Playing the Numbers

And, no, I don't mean playing the lottery numbers! We've posted a couple of articles in the past about What Makes a Good Measure (Jan 3, 2012) and Telling Stories with Data(Jan 21, 2011). These posts discuss the challenges of working with numbers in the analytics world. I also emphasize with clients the importance of expressing the context of a report or data that people are seeing. What does it include? And sometimes much more importantly, what does it NOT include? What filters are applied? What are the values of those filters? What time frame does the data represent? Can users see this context when reviewing a report or is it likely they could apply their own assumptions about what data means?

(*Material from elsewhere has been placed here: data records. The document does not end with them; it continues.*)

(* Let $m_1,m_2,m_3\ge 1$ be integers and let $a\neq b$ be complex numbers. (a) If $T_{m_1}(a)=T_{m_1}(b)$ and $T_{m_2}(a)=T_{m_2}(b)$, then either $T_l(a)=T_l(b)$ for $l=\gcd(m_1,m_2)$, or $T_{m_1m_2}'(a)=T_{m_1m_2}'(b)=0$. (b) If $T_{m_j}(a)=T_{m_j}(b)$ for $j=1,2,3$, then there exist distinct indices $i_1,i_2\in\{1,2,3\}$ such that $T_l(a)=T_l(b)$ for $l=\gcd(m_{i_1},m_{i_2})$.
   Context: $T_n$ denotes the Chebyshev polynomial of the first kind of degree $n$, defined by $T_n(\cos\phi)=\cos(n\phi)$. *)

theory Defs
  imports "HOL-Computational_Algebra.Polynomial"
begin

text \<open>Chebyshev polynomials of the first kind, via the standard recurrence
  T_0 = 1, T_1 = X, T_(n+2) = 2 X T_(n+1) - T_n; these are exactly the
  polynomials with T_n(cos phi) = cos(n phi).\<close>
fun cheb_T :: "nat \<Rightarrow> 'a::comm_ring_1 poly" where
  "cheb_T 0 = 1"
| "cheb_T (Suc 0) = [:0, 1:]"
| "cheb_T (Suc (Suc n)) = [:0, 2:] * cheb_T (Suc n) - cheb_T n"

end

theory Submission
  imports Defs
begin

(* Every complex number is a Joukowski image a = (u + 1/u)/2 with u \<noteq> 0,
   and then T_n(a) = (u^n + u^-n)/2.  Hence for a = J(u), b = J(v) we get
   T_n(a) = T_n(b)  iff  X^n = 1 or Y^n = 1,  where X = u/v and Y = u v.
   If two indices p, q are "of the same kind" (both roots of unity for X, or both
   for Y), then so is gcd p q, by Bezout.  This already gives part (b) by pigeonhole.
   In the mixed case X^p = 1, Y^q = 1 of part (a), either u^2 = 1 or v^2 = 1, which
   makes X and Y of the same kind again, or u and v are both 2pq-th roots of unity
   different from \<plusminus>1; the identity (1 - x^2) T_N' = N (x T_N - T_(N+1)) then shows that
   T_(pq)' vanishes at J(u) and J(v). *)

lemma cheb_T_Suc_Suc:
  "cheb_T (Suc (Suc n)) = 2 * [:0, 1:] * cheb_T (Suc n) - (cheb_T n :: 'a::comm_ring_1 poly)"
  by (simp add: numeral_poly)

lemma pderiv_X: "pderiv [:0, 1:] = (1 :: 'a::idom poly)"
  by (simp add: pderiv_pCons)

(* The classical differential relation (1 - X^2) T_n' = n (X T_n - T_(n+1)); it is what
   lets us locate critical points of T_N. *)
lemma pderiv_cheb_T:
  "(1 - [:0, 1:] ^ 2) * pderiv (cheb_T n) =
     of_nat n * ([:0, 1:] * cheb_T n - (cheb_T (Suc n) :: 'a::idom poly))"
proof (induction n rule: cheb_T.induct)
  case 1
  show ?case by simp
next
  case 2
  show ?case
    by (simp only: cheb_T_Suc_Suc cheb_T.simps(1,2) pderiv_X)
       (simp add: algebra_simps power2_eq_square numeral_poly)
next
  case (3 n)
  have "pderiv (cheb_T (Suc (Suc n))) =
      2 * cheb_T (Suc n) + 2 * [:0, 1:] * pderiv (cheb_T (Suc n)) - (pderiv (cheb_T n) :: 'a poly)"
    unfolding cheb_T_Suc_Suc pderiv_diff pderiv_mult pderiv_X pderiv_numeral by algebra
  with 3 show ?case
    by (simp only: cheb_T_Suc_Suc of_nat_Suc) algebra
qed

definition joukowski :: "'a::field \<Rightarrow> 'a" where
  "joukowski u = (u + inverse u) / 2"

lemma joukowski_inverse: "joukowski (inverse u) = joukowski u"
  by (simp add: joukowski_def add.commute)

lemma joukowski_surj:
  fixes a :: complex
  obtains u where "u \<noteq> 0" "a = joukowski u"
proof -
  define s where "s = csqrt (a^2 - 1)"
  have "(a + s) * (a - s) = 1"
    using power2_csqrt[of "a^2 - 1"] by (simp add: s_def algebra_simps power2_eq_square)
  then have "a + s \<noteq> 0" and "inverse (a + s) = a - s"
    by (auto intro: inverse_unique)
  then show ?thesis
    using that[of "a + s"] by (simp add: joukowski_def)
qed

(* T_n(cos t) = cos(n t), in algebraic form. *)
lemma cheb_T_joukowski:
  fixes u :: "'a::field_char_0"
  assumes "u \<noteq> 0"
  shows "poly (cheb_T n) (joukowski u) = (u ^ n + inverse u ^ n) / 2"
proof (induction n rule: cheb_T.induct)
  case (3 n)
  have "poly (cheb_T (Suc (Suc n))) (joukowski u)
      = (u + inverse u) * poly (cheb_T (Suc n)) (joukowski u) - poly (cheb_T n) (joukowski u)"
    by (simp add: joukowski_def)
  also have "\<dots> = (u + inverse u) * ((u ^ Suc n + inverse u ^ Suc n) / 2) - (u ^ n + inverse u ^ n) / 2"
    by (simp only: 3)
  also have "\<dots> = (u ^ Suc (Suc n) + inverse u ^ Suc (Suc n)) / 2"
    using assms by (simp add: field_simps power_Suc)
  finally show ?case .
qed (simp_all add: joukowski_def)

lemma cheb_T_joukowski_eq_iff:
  fixes u v :: "'a::field_char_0"
  assumes "u \<noteq> 0" "v \<noteq> 0"
  shows "poly (cheb_T n) (joukowski u) = poly (cheb_T n) (joukowski v)
           \<longleftrightarrow> (u / v) ^ n = 1 \<or> (u * v) ^ n = 1"
proof -
  define p q where "p = u ^ n" and "q = v ^ n"
  have "p \<noteq> 0" "q \<noteq> 0"
    using assms by (simp_all add: p_def q_def)
  have "poly (cheb_T n) (joukowski u) = poly (cheb_T n) (joukowski v)
          \<longleftrightarrow> p + inverse p = q + inverse q"
    unfolding cheb_T_joukowski[OF assms(1)] cheb_T_joukowski[OF assms(2)] p_def q_def power_inverse
    by (simp only: divide_cancel_right) simp
  also have "\<dots> \<longleftrightarrow> (p - q) * (p * q - 1) = 0"
    using \<open>p \<noteq> 0\<close> \<open>q \<noteq> 0\<close> by (simp add: field_simps)
  also have "\<dots> \<longleftrightarrow> (u / v) ^ n = 1 \<or> (u * v) ^ n = 1"
    using \<open>q \<noteq> 0\<close> by (simp add: p_def q_def power_divide power_mult_distrib)
  finally show ?thesis .
qed

(* If u^2 = 1 (or v^2 = 1) then u v and u/v are equal or mutually inverse, so they
   are roots of unity of the same orders. *)
lemma joukowski_degenerate_roots:
  fixes u v :: "'a::field"
  assumes "v \<noteq> 0" "u ^ 2 = 1 \<or> v ^ 2 = 1"
  shows "(u / v) ^ n = 1 \<longleftrightarrow> (u * v) ^ n = 1"
proof (cases "u ^ 2 = 1")
  case True
  then have "(u / v) * (u * v) = 1"
    using assms by (simp add: power2_eq_square)
  then have "(u / v) ^ n * (u * v) ^ n = 1"
    by (metis power_mult_distrib power_one)
  then show ?thesis
    by (metis mult_1 mult_1_right)
next
  case False
  with assms(2) have "v * v = 1"
    by (simp add: power2_eq_square)
  then have "inverse v = v"
    by (rule inverse_unique)
  then show ?thesis
    by (simp add: divide_inverse)
qed

lemma power_gcd_eq_one:
  fixes x :: "'a::monoid_mult"
  assumes "x ^ m = 1" "x ^ n = 1"
  shows "x ^ gcd m n = 1"
proof (cases "m = 0")
  case False
  then obtain i j where "m * i = n * j + gcd m n"
    using bezout_nat by blast
  then have "x ^ (m * i) = x ^ (n * j) * x ^ gcd m n"
    by (simp add: power_add)
  then show ?thesis
    using assms by (simp add: power_mult)
qed (use assms in simp)

lemma pderiv_cheb_T_joukowski_root:
  fixes u :: "'a::field_char_0"
  assumes "u \<noteq> 0" "u ^ 2 \<noteq> 1" "u ^ (2 * N) = 1"
  shows "poly (pderiv (cheb_T N)) (joukowski u) = 0"
proof -
  define a where "a = joukowski u"
  have "u ^ N * u ^ N = 1"
    using assms(3) by (simp add: power_add[symmetric] mult_2)
  then have inv: "inverse u ^ N = u ^ N"
    by (simp add: power_inverse inverse_unique)
  have TN: "poly (cheb_T N) a = u ^ N"
    by (simp add: a_def cheb_T_joukowski[OF assms(1)] inv)
  have "poly (cheb_T (Suc N)) a = (u * u ^ N + inverse u * u ^ N) / 2"
    by (simp add: a_def cheb_T_joukowski[OF assms(1)] inv)
  also have "\<dots> = a * poly (cheb_T N) a"
    unfolding TN by (simp add: a_def joukowski_def algebra_simps)
  finally have "poly (cheb_T (Suc N)) a = a * poly (cheb_T N) a" .
  then have "(1 - a ^ 2) * poly (pderiv (cheb_T N)) a = 0"
    using arg_cong[OF pderiv_cheb_T[of N], of "\<lambda>p. poly p a"] by simp
  moreover have "1 - a ^ 2 \<noteq> 0"
  proof
    assume "1 - a ^ 2 = 0"
    then have "(u - inverse u) ^ 2 = 0"
      using assms(1) by (simp add: a_def joukowski_def field_simps power2_eq_square)
    then have "u * u = u * inverse u"
      by simp
    also have "\<dots> = 1"
      using assms(1) by simp
    finally have "u * u = 1" .
    with assms(2) show False
      by (simp add: power2_eq_square)
  qed
  ultimately show ?thesis
    by (simp add: a_def)
qed

lemma mixed_roots_gcd_or_critical:
  fixes u v :: "'a::field_char_0"
  assumes "u \<noteq> 0" "v \<noteq> 0" "(u / v) ^ p = 1" "(u * v) ^ q = 1"
  shows "(u / v) ^ gcd p q = 1
     \<or> (poly (pderiv (cheb_T (p * q))) (joukowski u) = 0
        \<and> poly (pderiv (cheb_T (p * q))) (joukowski v) = 0)"
proof (cases "u ^ 2 = 1 \<or> v ^ 2 = 1")
  case True
  then have "(u / v) ^ q = 1"
    using joukowski_degenerate_roots[OF assms(2)] assms(4) by blast
  then show ?thesis
    using power_gcd_eq_one[OF assms(3)] by blast
next
  case False
  have X: "(u / v) ^ (p * q) = 1"
    using assms(3) by (simp add: power_mult)
  have Y: "(u * v) ^ (p * q) = 1"
    using assms(4) by (metis mult.commute power_mult power_one)
  have "u ^ 2 = (u / v) * (u * v)" and "v ^ 2 = (u * v) / (u / v)"
    using assms(1,2) by (simp_all add: power2_eq_square)
  then have "(u ^ 2) ^ (p * q) = 1" and "(v ^ 2) ^ (p * q) = 1"
    using X Y by (simp_all only: power_mult_distrib power_divide) simp_all
  then have "u ^ (2 * (p * q)) = 1" and "v ^ (2 * (p * q)) = 1"
    by (simp_all only: power_mult)
  then show ?thesis
    using False pderiv_cheb_T_joukowski_root assms(1,2) by blast
qed

lemma cheb_T_coincidence_roots:
  fixes a b :: complex
  obtains u v where "u \<noteq> 0" "v \<noteq> 0" "a = joukowski u" "b = joukowski v"
    "\<And>n. poly (cheb_T n) a = poly (cheb_T n) b \<longleftrightarrow> (u / v) ^ n = 1 \<or> (u * v) ^ n = 1"
proof -
  obtain u v where "u \<noteq> 0" "v \<noteq> 0" "a = joukowski u" "b = joukowski v"
    by (metis joukowski_surj)
  with cheb_T_joukowski_eq_iff that show ?thesis
    by blast
qed

lemma cheb_T_coincidence_gcd_or_critical:
  fixes a b :: complex
  assumes "poly (cheb_T p) a = poly (cheb_T p) b" "poly (cheb_T q) a = poly (cheb_T q) b"
  shows "poly (cheb_T (gcd p q)) a = poly (cheb_T (gcd p q)) b
     \<or> (poly (pderiv (cheb_T (p * q))) a = 0 \<and> poly (pderiv (cheb_T (p * q))) b = 0)"
proof -
  obtain u v :: complex where uv: "u \<noteq> 0" "v \<noteq> 0" "a = joukowski u" "b = joukowski v"
    and E: "\<And>n. poly (cheb_T n) a = poly (cheb_T n) b \<longleftrightarrow> (u / v) ^ n = 1 \<or> (u * v) ^ n = 1"
    using cheb_T_coincidence_roots[of a b] by metis
  have "(u / v) ^ p = 1 \<or> (u * v) ^ p = 1" "(u / v) ^ q = 1 \<or> (u * v) ^ q = 1"
    using assms E by blast+
  then consider (same) "(u / v) ^ p = 1 \<and> (u / v) ^ q = 1 \<or> (u * v) ^ p = 1 \<and> (u * v) ^ q = 1"
    | (mixed) "(u / v) ^ p = 1" "(u * v) ^ q = 1" | (mixed_swapped) "(u * v) ^ p = 1" "(u / v) ^ q = 1"
    by blast
  then show ?thesis
  proof cases
    case same
    then have "(u / v) ^ gcd p q = 1 \<or> (u * v) ^ gcd p q = 1"
      using power_gcd_eq_one by blast
    then show ?thesis
      using E by blast
  next
    case mixed
    then show ?thesis
      using mixed_roots_gcd_or_critical[OF uv(1,2)] E uv(3,4) by blast
  next
    case mixed_swapped
    (* replacing v by 1/v keeps b = J(v) and swaps u/v with u v *)
    have "inverse v \<noteq> 0" "b = joukowski (inverse v)"
      "u / inverse v = u * v" "u * inverse v = u / v"
      using uv by (simp_all add: joukowski_inverse divide_inverse)
    with mixed_swapped show ?thesis
      using mixed_roots_gcd_or_critical[OF uv(1), of "inverse v" p q] E uv(3) by auto
  qed
qed

(* Part (b): among three coincidences two are of the same kind, so some pairwise gcd
   is again a coincidence. *)
lemma cheb_T_three_coincidences:
  fixes a b :: complex
  assumes "poly (cheb_T p) a = poly (cheb_T p) b" "poly (cheb_T q) a = poly (cheb_T q) b"
    and "poly (cheb_T r) a = poly (cheb_T r) b"
  shows "poly (cheb_T (gcd p q)) a = poly (cheb_T (gcd p q)) b
     \<or> poly (cheb_T (gcd p r)) a = poly (cheb_T (gcd p r)) b
     \<or> poly (cheb_T (gcd q r)) a = poly (cheb_T (gcd q r)) b"
proof -
  obtain u v :: complex where
    E: "\<And>n. poly (cheb_T n) a = poly (cheb_T n) b \<longleftrightarrow> (u / v) ^ n = 1 \<or> (u * v) ^ n = 1"
    using cheb_T_coincidence_roots[of a b] by metis
  have same_kind: "poly (cheb_T (gcd m n)) a = poly (cheb_T (gcd m n)) b"
    if "(u / v) ^ m = 1 \<and> (u / v) ^ n = 1 \<or> (u * v) ^ m = 1 \<and> (u * v) ^ n = 1" for m n
    using that power_gcd_eq_one E by blast
  have "(u / v) ^ p = 1 \<or> (u * v) ^ p = 1" "(u / v) ^ q = 1 \<or> (u * v) ^ q = 1"
    "(u / v) ^ r = 1 \<or> (u * v) ^ r = 1"
    using assms E by blast+
  then show ?thesis
    using same_kind[of p q] same_kind[of p r] same_kind[of q r] by blast
qed

theorem lemma2p1:
  fixes m1 m2 m3 :: nat and a b :: complex
  assumes "m1 \<ge> 1" and "m2 \<ge> 1" and "m3 \<ge> 1" and "a \<noteq> b"
  shows "(poly (cheb_T m1) a = poly (cheb_T m1) b \<and> poly (cheb_T m2) a = poly (cheb_T m2) b
           \<longrightarrow> poly (cheb_T (gcd m1 m2)) a = poly (cheb_T (gcd m1 m2)) b
               \<or> (poly (pderiv (cheb_T (m1 * m2))) a = 0 \<and> poly (pderiv (cheb_T (m1 * m2))) b = 0))
       \<and> (poly (cheb_T m1) a = poly (cheb_T m1) b \<and> poly (cheb_T m2) a = poly (cheb_T m2) b
           \<and> poly (cheb_T m3) a = poly (cheb_T m3) b
           \<longrightarrow> (\<exists>i1\<in>{1::nat,2,3}. \<exists>i2\<in>{1::nat,2,3}. i1 \<noteq> i2 \<and>
                 (let m = (\<lambda>i::nat. if i = 1 then m1 else if i = 2 then m2 else m3);
                      l = gcd (m i1) (m i2)
                  in poly (cheb_T l) a = poly (cheb_T l) b)))"
  using cheb_T_coincidence_gcd_or_critical[of m1 a b m2]
    cheb_T_three_coincidences[of m1 a b m2 m3]
  by (auto simp: Let_def)

end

A perfect example of this context issue came while reading an excellent commentary in today's US edition of the Financial Times. (You can access it via this link, but have to sign up for a free account to read the full text.) Let me summarize the gist of Steven Hill's argument about inappropriate and misleading use of numbers.

The conventional thinking, particularly purveyed by the media and governments themselves, is that youth unemployment in Europe is at crisis levels. There are demoralizing rates of nearly 50% in Spain and Greece, and over 20% in the rest of the Eurozone. But is this really the case? He argues that a very flawed methodology is used to calculate those rates. Namely, they do not include those youths who are in school or job training and not looking for a job anyway. The denominator is a much smaller number of individuals, and therefore drastically overstates the unemployment rate. So, the "unemployment rate" conveyed most often to the public does not tell the whole story.

He suggests a better measure might be an overall ratio of the entire youth population 24 years old and younger (regardless of their intent to seek employment or schooling) to the youth who are actively seeking a job and can't find one. Using that measure, Spain's youth unemployment is only 19% (vs 48.9%) and Greece's is only 13% (vs 49.3%). In the Eurozone as a whole it would only be 8.7%. That is a dramatic difference in the two measures. It tells a different story. In the adult unemployment rate, there is a reverse problem by excluding those who have given up looking for work, the rate is commonly understated.

As I read the article, I was thinking you could create a similar ratio of students in school or job training for comparison purposes that shares the same denominator and thus has a common foundation. Further, you could list the ratio of those not in the labor market. This is a much better way of expressing data on common grounds with common definitions and therefore make better informed policy decisions. Yet, traditionally, the unemployment "rate" has always excluded those in school and not looking for work, therefore providing frightening unemployment picture to those who wish to use it that way.

Now take for instance the challenge of communicating graduation and completion rates for students. Completion is a hot button issue across all segments of higher education. The IPEDS numbers are famously unreliable since by definition the cohort only includes students who were first time to any college. Is that really helpful? In community colleges it leaves a large population out of the denominator since many students have attended other institutions before. Furthermore, for any institution, do they measure if the student completed somewhere else after they transferred? At least the Department of Education recognizes these issues and has formed a working group to address the limitations of current measure definitions.

What similar scenarios might you have in your institutional measurement structures? Are your rates and ratios on a common foundation? Do people know the whole context of the ratios they are seeing? What might need to change to address the shortcomings of what is communicated? Discuss!